Semisimple Artinian Rings and Algebras

Semisimple

Definition

A ring $R$ with identity is called semisimple if ${}_{R}R$ is semisimple as a left $R$-modules.

Remark. ${}_{R}R$ is called (left) regular module.

Theorem

TFAE for an Artinian ring $R$.

• $R$ is a semisimple Artinian ring.
• Every $R$-module $V$ is semisimple.

\begin{proof} i)→ii) Let ${}_{R}R={\sum }_{\lambda }{I}_{\lambda }$ be a sum of left simple $R$-submodules. Then $V={\sum }_{v\in V}{\sum }_{\lambda }{I}_{\lambda }v$. Note that $f:I_{\lambda }\to I_{\lambda }v,i\mapsto iv$ is an $R$-homomorphism, then $\ker f=0$ or $I_{\lambda }$, that is, $I_{\lambda }v$ is $0$ or simple.

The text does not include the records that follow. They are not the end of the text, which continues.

text \<open>A space covered by compact pieces \<open>A i\<close> is compact as soon as every nonempty
  open set contains all but finitely many pieces: one such open set together with
  the finitely many remaining (compact) pieces covers the space.\<close>

lemma compact_space_cofinitely_absorbing_cover:
  assumes cover: "topspace T = (\<Union>i\<in>K. A i)"
    and compact: "\<And>i. i \<in> K \<Longrightarrow> compactin T (A i)"
    and absorb: "\<And>U. openin T U \<Longrightarrow> U \<noteq> {} \<Longrightarrow> finite {i \<in> K. \<not> A i \<subseteq> U}"
  shows "compact_space T"
  unfolding compact_space_alt
proof (intro allI impI)
  fix \<U> assume \<U>: "(\<forall>U\<in>\<U>. openin T U) \<and> topspace T \<subseteq> \<Union>\<U>"
  show "\<exists>\<F>. finite \<F> \<and> \<F> \<subseteq> \<U> \<and> topspace T \<subseteq> \<Union>\<F>"
  proof (cases "topspace T = {}")
    case True
    then show ?thesis by blast
  next
    case False
    with \<U> obtain U where U: "U \<in> \<U>" "U \<noteq> {}" by blast
    define J where "J = {i \<in> K. \<not> A i \<subseteq> U}"
    have "finite J" unfolding J_def using absorb U \<U> by blast
    then have "compactin T (\<Union>(A ` J))"
      by (intro compactin_Union) (auto simp: J_def compact)
    moreover have "\<Union>(A ` J) \<subseteq> \<Union>\<U>" using \<U> cover J_def by auto
    ultimately obtain \<G> where \<G>: "finite \<G>" "\<G> \<subseteq> \<U>" "\<Union>(A ` J) \<subseteq> \<Union>\<G>"
      using \<U> unfolding compactin_def by meson
    have "topspace T \<subseteq> U \<union> \<Union>(A ` J)" using cover J_def by auto
    then have "topspace T \<subseteq> \<Union>(insert U \<G>)" using \<G>(3) by blast
    with \<G> U show ?thesis by (intro exI[of _ "insert U \<G>"]) auto
  qed
qed

lemma compact_space_of_enlarged_opens:
  assumes "compact_space X" and "topspace T \<subseteq> topspace X"
    and enlarge: "\<And>V. openin T V \<Longrightarrow> V \<noteq> {} \<Longrightarrow> openin X (V \<union> (topspace X - topspace T))"
  shows "compact_space T"
  unfolding compact_space_alt
proof (intro allI impI)
  fix \<U> assume \<U>: "(\<forall>U\<in>\<U>. openin T U) \<and> topspace T \<subseteq> \<Union>\<U>"
  show "\<exists>\<F>. finite \<F> \<and> \<F> \<subseteq> \<U> \<and> topspace T \<subseteq> \<Union>\<F>"
  proof (cases "topspace T = {}")
    case True
    then show ?thesis by blast
  next
    case False
    define \<U>' where "\<U>' = {U \<in> \<U>. U \<noteq> {}}"
    define enlarged where "enlarged U = U \<union> (topspace X - topspace T)" for U
    have "\<U>' \<noteq> {}" using False \<U> unfolding \<U>'_def by blast
    then have "topspace X \<subseteq> \<Union>(enlarged ` \<U>')"
      using \<U> unfolding \<U>'_def enlarged_def by auto
    moreover have "\<forall>W \<in> enlarged ` \<U>'. openin X W"
      using \<U> enlarge unfolding \<U>'_def enlarged_def by auto
    ultimately obtain \<G> where \<G>: "finite \<G>" "\<G> \<subseteq> enlarged ` \<U>'" "topspace X \<subseteq> \<Union>\<G>"
      using \<open>compact_space X\<close> unfolding compact_space_alt by meson
    then obtain \<F> where \<F>: "finite \<F>" "\<F> \<subseteq> \<U>'" "\<G> = enlarged ` \<F>"
      by (meson finite_subset_image)
    have "topspace T \<subseteq> \<Union>\<F>"
    proof
      fix x assume x: "x \<in> topspace T"
      then obtain U where "U \<in> \<F>" "x \<in> enlarged U"
        using \<G>(3) \<F>(3) \<open>topspace T \<subseteq> topspace X\<close> by blast
      with x show "x \<in> \<Union>\<F>" unfolding enlarged_def by blast
    qed
    with \<F> show ?thesis unfolding \<U>'_def by blast
  qed
qed

section \<open>The disjoint union of a family of posets\<close>

definition interval_subbase :: "'a set \<Rightarrow> ('a \<Rightarrow> 'a \<Rightarrow> bool) \<Rightarrow> 'a set set" where
  "interval_subbase S le =
     insert S ((\<lambda>x. S - down_set S le x) ` S \<union> (\<lambda>x. S - up_set S le x) ` S)"

lemma interval_topology_subbase:
  "interval_topology S le = topology_generated_by (interval_subbase S le)"
  unfolding interval_topology_def interval_subbase_def ..

lemma topspace_interval_topology [simp]: "topspace (interval_topology S le) = S"
  unfolding interval_topology_subbase interval_subbase_def by auto

locale disjoint_family =
  fixes K :: "'k set" and Xk :: "'k \<Rightarrow> 'a set" and lek :: "'k \<Rightarrow> 'a \<Rightarrow> 'a \<Rightarrow> bool"
  assumes disjoint: "\<And>k l. k \<in> K \<Longrightarrow> l \<in> K \<Longrightarrow> k \<noteq> l \<Longrightarrow> Xk k \<inter> Xk l = {}"
begin

definition union_set :: "'a set" where
  "union_set = (\<Union>k\<in>K. Xk k)"

definition union_le :: "'a \<Rightarrow> 'a \<Rightarrow> bool" where
  "union_le x y \<longleftrightarrow> (\<exists>k\<in>K. x \<in> Xk k \<and> y \<in> Xk k \<and> lek k x y)"

lemma component_unique: "k \<in> K \<Longrightarrow> l \<in> K \<Longrightarrow> x \<in> Xk k \<Longrightarrow> x \<in> Xk l \<Longrightarrow> k = l"
  using disjoint by blast

lemma component_subset: "k \<in> K \<Longrightarrow> Xk k \<subseteq> union_set"
  unfolding union_set_def by auto

lemma down_set_union:
  assumes "k \<in> K" "x \<in> Xk k"
  shows "down_set union_set union_le x = down_set (Xk k) (lek k) x"
  using assms component_unique unfolding down_set_def union_le_def union_set_def by blast

lemma up_set_union:
  assumes "k \<in> K" "x \<in> Xk k"
  shows "up_set union_set union_le x = up_set (Xk k) (lek k) x"
  using assms component_unique unfolding up_set_def union_le_def union_set_def by blast

lemma union_subbase_cases:
  assumes "s \<in> interval_subbase union_set union_le"
  obtains "s = union_set"
  | m x where "m \<in> K" "x \<in> Xk m" "s = union_set - down_set (Xk m) (lek m) x"
  | m x where "m \<in> K" "x \<in> Xk m" "s = union_set - up_set (Xk m) (lek m) x"
  using assms down_set_union up_set_union
  unfolding interval_subbase_def union_set_def by auto

lemma subbase_enlarge:
  assumes "k \<in> K" "s \<in> interval_subbase (Xk k) (lek k)"
  shows "s \<union> (union_set - Xk k) \<in> interval_subbase union_set union_le"
proof -
  have sub: "Xk k \<subseteq> union_set" using component_subset[OF \<open>k \<in> K\<close>] .
  from assms(2) consider "s = Xk k"
    | x where "x \<in> Xk k" "s = Xk k - down_set (Xk k) (lek k) x"
    | x where "x \<in> Xk k" "s = Xk k - up_set (Xk k) (lek k) x"
    unfolding interval_subbase_def by auto
  then show ?thesis
  proof cases
    case 1
    then have "s \<union> (union_set - Xk k) = union_set" using sub by auto
    then show ?thesis by (simp add: interval_subbase_def)
  next
    case (2 x)
    then have "s \<union> (union_set - Xk k) = union_set - down_set union_set union_le x"
      using sub down_set_union[OF \<open>k \<in> K\<close> \<open>x \<in> Xk k\<close>] by (auto simp: down_set_def)
    then show ?thesis using 2 sub by (auto simp: interval_subbase_def)
  next
    case (3 x)
    then have "s \<union> (union_set - Xk k) = union_set - up_set union_set union_le x"
      using sub up_set_union[OF \<open>k \<in> K\<close> \<open>x \<in> Xk k\<close>] by (auto simp: up_set_def)
    then show ?thesis using 3 sub by (auto simp: interval_subbase_def)
  qed
qed

text \<open>Fact (b): a subbasic set of \<open>X\<close> meets \<open>X\<^sub>k\<close> in a subbasic set of \<open>X\<^sub>k\<close>;
  for a point of another component it contains all of \<open>X\<^sub>k\<close>.\<close>

lemma subbase_restrict:
  assumes "k \<in> K" "s \<in> interval_subbase union_set union_le"
  shows "s \<inter> Xk k \<in> interval_subbase (Xk k) (lek k)"
  using assms(2)
proof (cases rule: union_subbase_cases)
  case 1
  then show ?thesis using component_subset[OF assms(1)]
    by (auto simp: interval_subbase_def Int_absorb1)
next
  case (2 m x)
  have "s \<inter> Xk k = (if m = k then Xk k - down_set (Xk k) (lek k) x else Xk k)"
    using 2 component_subset[OF assms(1)] disjoint[OF assms(1) \<open>m \<in> K\<close>]
    by (auto simp: down_set_def)
  then show ?thesis using 2 by (cases "m = k") (auto simp: interval_subbase_def)
next
  case (3 m x)
  have "s \<inter> Xk k = (if m = k then Xk k - up_set (Xk k) (lek k) x else Xk k)"
    using 3 component_subset[OF assms(1)] disjoint[OF assms(1) \<open>m \<in> K\<close>]
    by (auto simp: up_set_def)
  then show ?thesis using 3 by (cases "m = k") (auto simp: interval_subbase_def)
qed

text \<open>Fact (c): a subbasic set of \<open>X\<close> contains every component except possibly the
  one of the point defining it.\<close>

lemma subbase_contains_cofinitely:
  assumes "s \<in> interval_subbase union_set union_le"
  shows "eventually (\<lambda>l. Xk l \<subseteq> s) (inf cofinite (principal K))"
  using assms
proof (cases rule: union_subbase_cases)
  case 1
  then show ?thesis using component_subset by (simp add: eventually_inf_principal)
next
  case (2 m x)
  have "Xk l \<subseteq> s" if "l \<in> K" "l \<noteq> m" for l
    using 2 component_subset[OF that(1)] disjoint[OF that(1) \<open>m \<in> K\<close> that(2)]
    by (auto simp: down_set_def)
  then have "{l. \<not> (l \<in> K \<longrightarrow> Xk l \<subseteq> s)} \<subseteq> {m}" by blast
  then show ?thesis
    unfolding eventually_inf_principal eventually_cofinite by (rule finite_subset) simp
next
  case (3 m x)
  have "Xk l \<subseteq> s" if "l \<in> K" "l \<noteq> m" for l
    using 3 component_subset[OF that(1)] disjoint[OF that(1) \<open>m \<in> K\<close> that(2)]
    by (auto simp: up_set_def)
  then have "{l. \<not> (l \<in> K \<longrightarrow> Xk l \<subseteq> s)} \<subseteq> {m}" by blast
  then show ?thesis
    unfolding eventually_inf_principal eventually_cofinite by (rule finite_subset) simp
qed

lemma open_enlarge:
  assumes "k \<in> K" "openin (interval_topology (Xk k) (lek k)) V" "V \<noteq> {}"
  shows "openin (interval_topology union_set union_le) (V \<union> (union_set - Xk k))"
  using generate_topology_on_enlarge[of "interval_subbase (Xk k) (lek k)"
      "interval_subbase union_set union_le" "union_set - Xk k" V]
    subbase_enlarge[OF assms(1)] assms(2,3)
  by (auto simp: interval_topology_subbase openin_topology_generated_by_iff
      intro: generate_topology_on.Basis)

lemma continuous_inclusion:
  assumes "k \<in> K"
  shows "continuous_map (interval_topology (Xk k) (lek k)) (interval_topology union_set union_le) id"
  unfolding interval_topology_subbase
proof (rule continuous_on_generated_topo)
  fix s assume "s \<in> interval_subbase union_set union_le"
  then have "id -` s \<inter> Xk k \<in> interval_subbase (Xk k) (lek k)"
    using subbase_restrict[OF assms] by simp
  then show "openin (topology_generated_by (interval_subbase (Xk k) (lek k)))
      (id -` s \<inter> topspace (topology_generated_by (interval_subbase (Xk k) (lek k))))"
    using topspace_interval_topology[of "Xk k" "lek k"]
    by (simp add: interval_topology_subbase topology_generated_by_Basis)
next
  show "id ` topspace (topology_generated_by (interval_subbase (Xk k) (lek k)))
      \<subseteq> \<Union>(interval_subbase union_set union_le)"
    using topspace_interval_topology[of "Xk k" "lek k"]
      topspace_interval_topology[of union_set union_le] component_subset[OF assms]
    by (simp add: interval_topology_subbase)
qed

ii)→i) is trivial. \end{proof}

Some Isomorphisms

In this section, we discuss some statements that will be useful later.

Lemma

Let $M$ be a left $R$-module. Then $M\simeq {\mathrm{Hom}}_R({}_R{R}_R,{}_{R}M)$.

\begin{proof} Define

$${\mathrm{Hom}}_R(R,M)\to M,f\mapsto f(1)$$

and define

$$M\to {\mathrm{Hom}}_R(R,M),m\mapsto {\phi }_m:r\mapsto rm.$$

It is easy to check they are homomorphism and are inverse each other. \end{proof}

Corollary

For any ring $R$ with identity, one has ${\mathrm{End}}_R({}_{R}R)\simeq R^{\mathrm{op}}$ as rings.

\begin{proof} Define

$${\mathrm{End}}_R({}_{R}R)\to R^{\mathrm{op}},f\mapsto f(1).$$

Note that $f_1{f}_2(1)=f_1(f_2(1))=f_1(f_2(1)\cdot 1)=f_2(1)f_1(1)$. \end{proof}

Lemma

Let $R$ be a ring, and let $M_n(R)$ be the set of all square matrices of degree $n$ over $R$. Then ${\mathrm{M}}_n(R{)}^{\mathrm{op}}\simeq {\mathrm{M}}_n(R^{\mathrm{op}})$.

\begin{proof} Consider

$$\phi :{\mathrm{M}}_n(R{)}^{\mathrm{op}}\simeq {\mathrm{M}}_n(R^{\mathrm{op}}),A\mapsto A^T.$$

Assume that $({\mathrm{M}}_n(R),\cdot )$, $({\mathrm{M}}_n(R{)}^{\mathrm{op}},\ast )$ and $({\mathrm{M}}_n(R{)}^{\mathrm{op}},\circ )$. Then $\phi (A\ast B)=\phi (B\cdot A)=(B\cdot A{)}^T$ and $\phi (A)\circ \phi (B)=A^T\circ B^T$, and we can prove that $(BA{)}^T=A^T\circ B^T$. \end{proof}

Schur Lemma and Artin-Wedderburn Theorem

Schur lemma

Let $S_1$ and $S_2$ be simple $R$-modules. Then ${\mathrm{Hom}}_R(S_1,S_2)=0$ unless $S_1\simeq S_2$ in which case the endomorphism ring ${\mathrm{End}}_R(S_1)$ is a division ring.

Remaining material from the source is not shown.